A denture is a removable replacement for missing teeth and the tissues connected to those teeth. It is made of acrylic plastic and sometimes porcelain and metal materials. A denture closely resembles natural gum tissue and teeth. Complete dentures replace all of the teeth, while partial dentures fill in the spaces created by missing teeth and prevent other teeth from shifting position.
Complete dentures can be “immediate” or “conventional.” An immediate denture is a complete denture or partial denture that is inserted on the same day, immediately following the removal of the natural teeth. The immediate denture acts as a “Band-Aid” to protect the tissues and reduce bleeding after tooth extraction.

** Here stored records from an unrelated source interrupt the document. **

(* Let $0<\theta<\tfrac12$, $\alpha>0$, $\beta\in\mathbb{R}$, and let $0\le\phi\le 1$ be smooth with compact support in $[1,2]$. Then $$\sum_{\ell\in\mathbb{Z}}|M_\theta(\tfrac12+i(\alpha\ell+\beta))|^2\phi\Big(\frac{\ell}{T}\Big)\ll T\log T.$$
   Context: $M_\theta(s)=\sum_{n\le T^{\theta}}\frac{\mu(n)}{n^s}\big(1-\frac{\log n}{\log T^{\theta}}\big)$ with $\mu$ the Möbius function. *)

theory Defs
  imports "HOL-Analysis.Analysis" "HOL-Computational_Algebra.Squarefree"
begin

definition moebius_mu :: "nat \<Rightarrow> int" where
  "moebius_mu n = (if n > 0 \<and> squarefree n then (-1) ^ card (prime_factors n) else 0)"

definition M_theta :: "real \<Rightarrow> real \<Rightarrow> complex \<Rightarrow> complex" where
  "M_theta \<theta> T s = (\<Sum>n\<in>{1..nat \<lfloor>T powr \<theta>\<rfloor>}.
      of_int (moebius_mu n) / (of_nat n powr s)
      * complex_of_real (1 - ln (real n) / ln (T powr \<theta>)))"

definition smooth_fun :: "(real \<Rightarrow> real) \<Rightarrow> bool" where
  "smooth_fun f \<longleftrightarrow> (\<forall>k. ((deriv ^^ k) f) differentiable_on UNIV)"

end

theory Submission
  imports Defs
begin

(* The theorem is an instance of a discrete mean-value estimate for a short
   Dirichlet polynomial  P(t) = \<Sum>_{n\<le>N} b_n n^(-it)  with  |b_n| \<le> n^(-1/2),  sampled at
   the H points  t_j = \<alpha>(A + j) + \<beta>  of an arithmetic progression.  Expanding
   |P(t)|^2 = \<Sum>_{m,n} b_m b_n cos(t log(m/n)), the sum over j of each term is a sum of
   cosines in arithmetic progression, bounded both by H and by 1/|sin(\<alpha> log(m/n)/2)|.
   Call (m,n) resonant when n lies within distance 1 of a point m e^(2\<pi>k/\<alpha>), k \<ge> 0.
   Resonant pairs contribute H each, but for fixed m their total weight n^(-1/2) is
   O(m^(-1/2)), giving O(H log N) overall; for non-resonant pairs the sine is of order at least 1/N, so
   they contribute O(N) each and O(N^2) in total after weighting by (mn)^(-1/2).

   Since N^2 \<le> T^(2\<theta>) \<le> T and log N \<le> log T,
   the bound O(H log N + N^2) is O(T log T). *)

section \<open>Sums of cosines in arithmetic progression\<close>

lemma cos_sum_telescope:
  fixes a x c :: real
  shows "2 * sin (x/2) * (\<Sum>j<H. cos ((a + real j) * x + c))
       = sin ((a + real H - 1/2) * x + c) - sin ((a - 1/2) * x + c)"
proof (induction H)
  case 0 then show ?case by simp
next
  case (Suc H)
  have step: "2 * sin (x/2) * cos ((a + real H) * x + c)
        = sin ((a + real H + 1/2) * x + c) - sin ((a + real H - 1/2) * x + c)"
  proof -
    have 1: "(a + real H + 1/2) * x + c = ((a + real H) * x + c) + x/2" by (simp add: algebra_simps)
    have 2: "(a + real H - 1/2) * x + c = ((a + real H) * x + c) - x/2" by (simp add: algebra_simps)
    show ?thesis unfolding 1 2 sin_add sin_diff by (simp add: algebra_simps)
  qed
  have "2 * sin (x/2) * (\<Sum>j<Suc H. cos ((a + real j) * x + c))
       = 2 * sin (x/2) * (\<Sum>j<H. cos ((a + real j) * x + c)) + 2 * sin (x/2) * cos ((a + real H) * x + c)"
    by (simp add: algebra_simps)
  also have "\<dots> = sin ((a + real (Suc H) - 1/2) * x + c) - sin ((a - 1/2) * x + c)"
    unfolding Suc step by (simp add: algebra_simps)
  finally show ?case .
qed

lemma cos_sum_sin_bound:
  fixes a x c :: real
  shows "\<bar>sin (x/2)\<bar> * \<bar>\<Sum>j<H. cos ((a + real j) * x + c)\<bar> \<le> 1"
proof -
  have "\<bar>2 * sin (x/2) * (\<Sum>j<H. cos ((a + real j) * x + c))\<bar> \<le> 2"
    unfolding cos_sum_telescope
    using abs_sin_le_one[of "(a + real H - 1/2) * x + c"] abs_sin_le_one[of "(a - 1/2) * x + c"]
    by linarith
  then show ?thesis by (simp add: abs_mult)
qed

lemma cos_sum_trivial_bound:
  fixes a x c :: real
  shows "\<bar>\<Sum>j<H. cos ((a + real j) * x + c)\<bar> \<le> real H"
proof -
  have "\<bar>\<Sum>j<H. cos ((a + real j) * x + c)\<bar> \<le> (\<Sum>j<H. \<bar>cos ((a + real j) * x + c)\<bar>)"
    by (rule sum_abs)
  also have "\<dots> \<le> (\<Sum>j<H. 1)" by (intro sum_mono) simp
  finally show ?thesis by simp
qed

section \<open>Resonant pairs\<close>

lemma abs_sin_ge_third:
  fixes y :: real assumes "\<bar>y\<bar> \<le> 2"
  shows "\<bar>y\<bar> / 3 \<le> \<bar>sin y\<bar>"
proof -
  have taylor: "\<bar>sin y - (\<Sum>m<3. sin_coeff m * y ^ m)\<bar> \<le> inverse (fact 3) * \<bar>y\<bar> ^ 3"
    by (rule Maclaurin_sin_bound)
  have s3: "(\<Sum>m<3. sin_coeff m * y ^ m) = y"
    by (simp add: eval_nat_numeral sin_coeff_def)
  have f3: "inverse (fact 3 :: real) = 1/6" by (simp add: eval_nat_numeral)
  have h: "\<bar>sin y - y\<bar> \<le> \<bar>y\<bar> ^ 3 / 6" using taylor unfolding s3 f3 by simp
  have "\<bar>y\<bar> ^ 3 = \<bar>y\<bar> * \<bar>y\<bar>^2" by (simp add: power3_eq_cube power2_eq_square)
  moreover have "\<bar>y\<bar>^2 \<le> 4" using power_mono[OF assms, of 2] by simp
  ultimately have "\<bar>y\<bar> ^ 3 \<le> \<bar>y\<bar> * 4" by (simp add: mult_left_mono)
  with h show ?thesis by linarith
qed

lemma ln_diff_ge_inv_max:
  fixes u v :: real assumes "0 < u" "0 < v" "1 \<le> \<bar>u - v\<bar>"
  shows "1 / max u v \<le> \<bar>ln u - ln v\<bar>"
proof (cases "v \<le> u")
  case True
  have "ln (v/u) \<le> v/u - 1" using assms by (intro ln_le_minus_one) simp
  then have "ln u - ln v \<ge> (u - v)/u" using assms by (simp add: ln_div field_simps)
  moreover have "(u - v)/u \<ge> 1/u" using assms True by (simp add: divide_right_mono)
  ultimately show ?thesis using True assms by (simp add: max_def)
next
  case False
  have "ln (u/v) \<le> u/v - 1" using assms by (intro ln_le_minus_one) simp
  then have "ln v - ln u \<ge> (v - u)/v" using assms by (simp add: ln_div field_simps)
  moreover have "(v - u)/v \<ge> 1/v" using assms False by (simp add: divide_right_mono)
  ultimately show ?thesis using False assms by (simp add: max_def)
qed

lemma ln_gap_le_N:
  fixes y E :: real and n N :: nat
  assumes n: "1 \<le> n" "n \<le> N" and E: "E \<ge> 1"
    and y: "0 < y" "1 \<le> \<bar>real n - y\<bar>" "ln y \<le> ln (real n) + ln E"
  shows "1 / (real N * E) \<le> \<bar>ln (real n) - ln y\<bar>"
proof -
  have "ln y \<le> ln (real n * E)" using y n E by (simp add: ln_mult)
  then have "y \<le> real n * E" using y n E by simp
  moreover have "real n \<le> real n * E" "real n * E \<le> real N * E" using n E by auto
  ultimately have "max (real n) y \<le> real N * E" by simp
  then have "1 / (real N * E) \<le> 1 / max (real n) y" using n by (intro divide_left_mono) auto
  also have "\<dots> \<le> \<bar>ln (real n) - ln y\<bar>" using ln_diff_ge_inv_max[of "real n" y] n y by simp
  finally show ?thesis .
qed

lemma abs_sin_add_nat_pi: "\<bar>sin (u + real k * pi)\<bar> = \<bar>sin u\<bar>"
  by (simp add: sin_add abs_mult)

(* (m,n) is resonant (with frequency spacing \<alpha>) if n is within distance 1 of one of the
   points m e^(2\<pi>k/\<alpha>), k \<le> K: there the phases \<alpha> log(n/m) are close to multiples of 2\<pi>
   and the cosine sums need not cancel. *)
definition resonant :: "real \<Rightarrow> nat \<Rightarrow> nat \<Rightarrow> nat \<Rightarrow> bool" where
  "resonant \<alpha> K m n \<longleftrightarrow> (\<exists>k\<le>K. \<bar>real n - real m * exp (pi/\<alpha>) ^ (2*k)\<bar> < 1)"

(* Here k is the
   integer nearest to x = \<alpha> log(n/m)/(2\<pi>), and y = m e^(2\<pi>k/\<alpha>) the corresponding point. *)
lemma resonance_dichotomy:
  fixes \<alpha> :: real and N K m n :: nat
  assumes a: "\<alpha> > 0" and mn: "1 \<le> m" "m \<le> n" "n \<le> N"
    and K: "\<alpha> * (ln (real n) - ln (real m)) / (2*pi) + 1/2 \<le> real K"
  shows "resonant \<alpha> K m n \<or> \<alpha> / (6 * exp (pi/\<alpha>) * real N) \<le> \<bar>sin (\<alpha> * (ln (real n) - ln (real m)) / 2)\<bar>"
proof -
  define E where "E = exp (pi/\<alpha>)"
  define x where "x = \<alpha> * (ln (real n) - ln (real m)) / (2*pi)"
  have E1: "E \<ge> 1" and x0: "x \<ge> 0" using a mn unfolding E_def x_def by (auto simp: divide_nonneg_pos)
  define k where "k = nat \<lfloor>x + 1/2\<rfloor>"
  have k_near: "\<bar>x - real k\<bar> \<le> 1/2" and "k \<le> K" using x0 K unfolding k_def x_def by linarith+
  define y where "y = real m * E ^ (2*k)"
  have y0: "y > 0" unfolding y_def using mn E1 by auto
  have ln_y: "ln y = ln (real m) + 2 * real k * (pi/\<alpha>)"
    unfolding y_def E_def using mn by (simp add: ln_mult ln_realpow)
  have phase: "\<alpha> * (ln (real n) - ln (real m)) / 2 = \<alpha> / 2 * (ln (real n) - ln y) + real k * pi"
    unfolding ln_y using a by (simp add: field_simps)
  have shifted: "\<alpha> / 2 * (ln (real n) - ln y) = pi * (x - real k)"
    unfolding ln_y x_def using a by (simp add: field_simps)
  show ?thesis
  proof (cases "\<bar>real n - y\<bar> < 1")
    case True
    then show ?thesis unfolding resonant_def y_def E_def using \<open>k \<le> K\<close> by auto
  next
    case False
    have "pi * (- 1/2) \<le> pi * (x - real k)"
      using k_near by (intro mult_left_mono) (linarith, simp)
    then have "\<alpha> * (ln y - ln (real n)) \<le> pi"
      using shifted by (simp add: algebra_simps)
    then have "ln y \<le> ln (real n) + ln E"
      using a unfolding E_def by (simp add: field_simps)
    then have "1 / (real N * E) \<le> \<bar>ln (real n) - ln y\<bar>"
      using mn E1 y0 False by (intro ln_gap_le_N) auto
    then have "\<alpha> / 6 * (1 / (real N * E)) \<le> \<alpha> / 6 * \<bar>ln (real n) - ln y\<bar>"
      using a by (intro mult_left_mono) auto
    moreover have "\<bar>\<alpha> / 2 * (ln (real n) - ln y)\<bar> / 3 = \<alpha> / 6 * \<bar>ln (real n) - ln y\<bar>"
      using a by (simp add: abs_mult)
    moreover have "\<alpha> / (6 * E * real N) = \<alpha> / 6 * (1 / (real N * E))" by simp
    ultimately have gap: "\<alpha> / (6 * E * real N) \<le> \<bar>\<alpha> / 2 * (ln (real n) - ln y)\<bar> / 3"
      by linarith
    have "pi * \<bar>x - real k\<bar> \<le> pi * (1/2)"
      using k_near by (intro mult_left_mono) auto
    moreover have "\<bar>pi * (x - real k)\<bar> = pi * \<bar>x - real k\<bar>" by (simp add: abs_mult)
    ultimately have "\<bar>\<alpha> / 2 * (ln (real n) - ln y)\<bar> \<le> 2"
      using pi_less_4 unfolding shifted by linarith
    from abs_sin_ge_third[OF this] gap show ?thesis
      unfolding phase abs_sin_add_nat_pi E_def by linarith
  qed
qed
(* Let $\mathbb{F}$ be an algebraically closed field with $\mathrm{char}\,\mathbb{F}=2$, and let $\mathcal{A}$ be a (not necessarily unital) subalgebra of $\mathbf{O}$ with $\mathcal{A}\not\subseteq\mathbf{O}_0$ and $\dim\mathcal{A}\ge2$. Then there exists $g\in{\rm G}_2$ such that one of the following holds: (a) $\{e_1,\mathbf{u}_1\}\subseteq g\mathcal{A}$; (b) $\{e_1,\mathbf{v}_1\}\subseteq g\mathcal{A}$; (c) $\{e_1,e_2\}\subseteq g\mathcal{A}$.
   Context: The split octonion algebra $\mathbf{O}$ is the 8-dimensional $\mathbb{F}$-vector space of formal matrices $a=\begin{pmatrix}\alpha&\mathbf{u}\\ \mathbf{v}&\beta\end{pmatrix}$ with $\alpha,\beta\in\mathbb{F}$, $\mathbf{u},\mathbf{v}\in\mathbb{F}^3$, with multiplication $\begin{pmatrix}\alpha&\mathbf{u}\\ \mathbf{v}&\beta\end{pmatrix}\begin{pmatrix}\alpha'&\mathbf{u}'\\ \mathbf{v}'&\beta'\end{pmatrix}=\begin{pmatrix}\alpha\alpha'+\mathbf{u}\cdot\mathbf{v}'&\alpha\mathbf{u}'+\beta'\mathbf{u}-\mathbf{v}\times\mathbf{v}'\\ \alpha'\mathbf{v}+\beta\mathbf{v}'+\mathbf{u}\times\mathbf{u}'&\beta\beta'+\mathbf{v}\cdot\mathbf{u}'\end{pmatrix}$ (dot product and cross product on $\mathbb{F}^3$). Trace $\mathrm{tr}(a)=\alpha+\beta$, $\mathbf{O}_0=\{a\in\mathbf{O}\mid\mathrm{tr}(a)=0\}$. With $\mathbf{c}_1$ the first standard basis vector of $\mathbb{F}^3$: $e_1$ has $\alpha=1$ and all else $0$, $e_2$ has $\beta=1$ and all else $0$, $\mathbf{u}_1$ has $\mathbf{u}=\mathbf{c}_1$ and all else $0$, $\mathbf{v}_1$ has $\mathbf{v}=\mathbf{c}_1$ and all else $0$. ${\rm G}_2=\mathrm{Aut}(\mathbf{O})$. *)

theory Defs
  imports Main "HOL-Library.Product_Plus" "HOL-Computational_Algebra.Polynomial"
begin

text \<open>Vectors in F^3 as triples; an octonion (alpha, u, v, beta) is the formal
matrix with diagonal alpha, beta and off-diagonal vectors u (top right), v (bottom left).\<close>

type_synonym 'a vec3 = "'a \<times> 'a \<times> 'a"
type_synonym 'a oct = "'a \<times> 'a vec3 \<times> 'a vec3 \<times> 'a"

fun vsc :: "'a::field \<Rightarrow> 'a vec3 \<Rightarrow> 'a vec3" where
  "vsc c (x1, x2, x3) = (c * x1, c * x2, c * x3)"

fun dot3 :: "'a::field vec3 \<Rightarrow> 'a vec3 \<Rightarrow> 'a" where
  "dot3 (x1, x2, x3) (y1, y2, y3) = x1 * y1 + x2 * y2 + x3 * y3"

fun cross3 :: "'a::field vec3 \<Rightarrow> 'a vec3 \<Rightarrow> 'a vec3" where
  "cross3 (x1, x2, x3) (y1, y2, y3) =
     (x2 * y3 - x3 * y2, x3 * y1 - x1 * y3, x1 * y2 - x2 * y1)"

fun oct_scale :: "'a::field \<Rightarrow> 'a oct \<Rightarrow> 'a oct" where
  "oct_scale c (a, u, v, b) = (c * a, vsc c u, vsc c v, c * b)"

fun oct_mult :: "'a::field oct \<Rightarrow> 'a oct \<Rightarrow> 'a oct" where
  "oct_mult (a, u, v, b) (a', u', v', b') =
     (a * a' + dot3 u v',
      vsc a u' + vsc b' u - cross3 v v',
      vsc a' v + vsc b v' + cross3 u u',
      b * b' + dot3 v u')"

fun oct_tr :: "'a::field oct \<Rightarrow> 'a" where
  "oct_tr (a, u, v, b) = a + b"

definition c1 :: "'a::field vec3" where "c1 = (1, 0, 0)"

definition e1 :: "'a::field oct" where "e1 = (1, 0, 0, 0)"
definition e2 :: "'a::field oct" where "e2 = (0, 0, 0, 1)"
definition u1 :: "'a::field oct" where "u1 = (0, c1, 0, 0)"
definition v1 :: "'a::field oct" where "v1 = (0, 0, c1, 0)"

lemma vsc_simps:
  "vsc a (x + y) = vsc a x + vsc a y"
  "vsc (a + b) x = vsc a x + vsc b x"
  "vsc a (vsc b x) = vsc (a * b) x"
  "vsc 1 x = x"
  by (cases x; cases y; simp add: algebra_simps)+

global_interpretation oct: vector_space "oct_scale :: 'a::field \<Rightarrow> 'a oct \<Rightarrow> 'a oct"
  by unfold_locales (auto simp: algebra_simps vsc_simps)

definition oct0 :: "'a::field oct set" where
  "oct0 = {a. oct_tr a = 0}"

definition oct_subalgebra :: "'a::field oct set \<Rightarrow> bool" where
  "oct_subalgebra A \<longleftrightarrow> oct.subspace A \<and> (\<forall>x\<in>A. \<forall>y\<in>A. oct_mult x y \<in> A)"

definition G2 :: "('a::field oct \<Rightarrow> 'a oct) set" where
  "G2 = {g. bij g \<and> Vector_Spaces.linear oct_scale oct_scale g
            \<and> (\<forall>x y. g (oct_mult x y) = oct_mult (g x) (g y))}"

definition alg_closed_field :: "'a::field itself \<Rightarrow> bool" where
  "alg_closed_field _ \<longleftrightarrow> (\<forall>p :: 'a poly. degree p > 0 \<longrightarrow> (\<exists>x. poly p x = 0))"

end

theory Submission
  imports Defs
begin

The conventional denture is ready for placement in the mouth about 8 to 12 weeks after the teeth have been removed and the gum tissue has healed. However, some dentists may recommend more time before placing a conventional denture to allow for more healing time.
Who needs a denture?
Dentures are not just for elderly patients. Patients of any age may lose some or all of their teeth and may require a denture of some sort. Because teeth are a permanent part of the body, tooth loss can have an emotional impact on some people. It is important to talk to your dentist about any fears, anxiety, or other emotions you are feeling about tooth loss.
What happens when you get a denture?
The whole denture process usually takes about a month in which an initial diagnosis is made, impressions are taken, a “try-in” is placed to assure proper color, shape and fit, and the patient’s final denture is made in a lab followed by minor adjustments in the office to ensure a proper and comfortable fit.
New denture wearers need time to get accustomed to their new “teeth,” because even the best-fitting dentures will feel awkward at first. While most patients can begin to speak normally within a few hours, many patients report discomfort with eating for several days to a few weeks.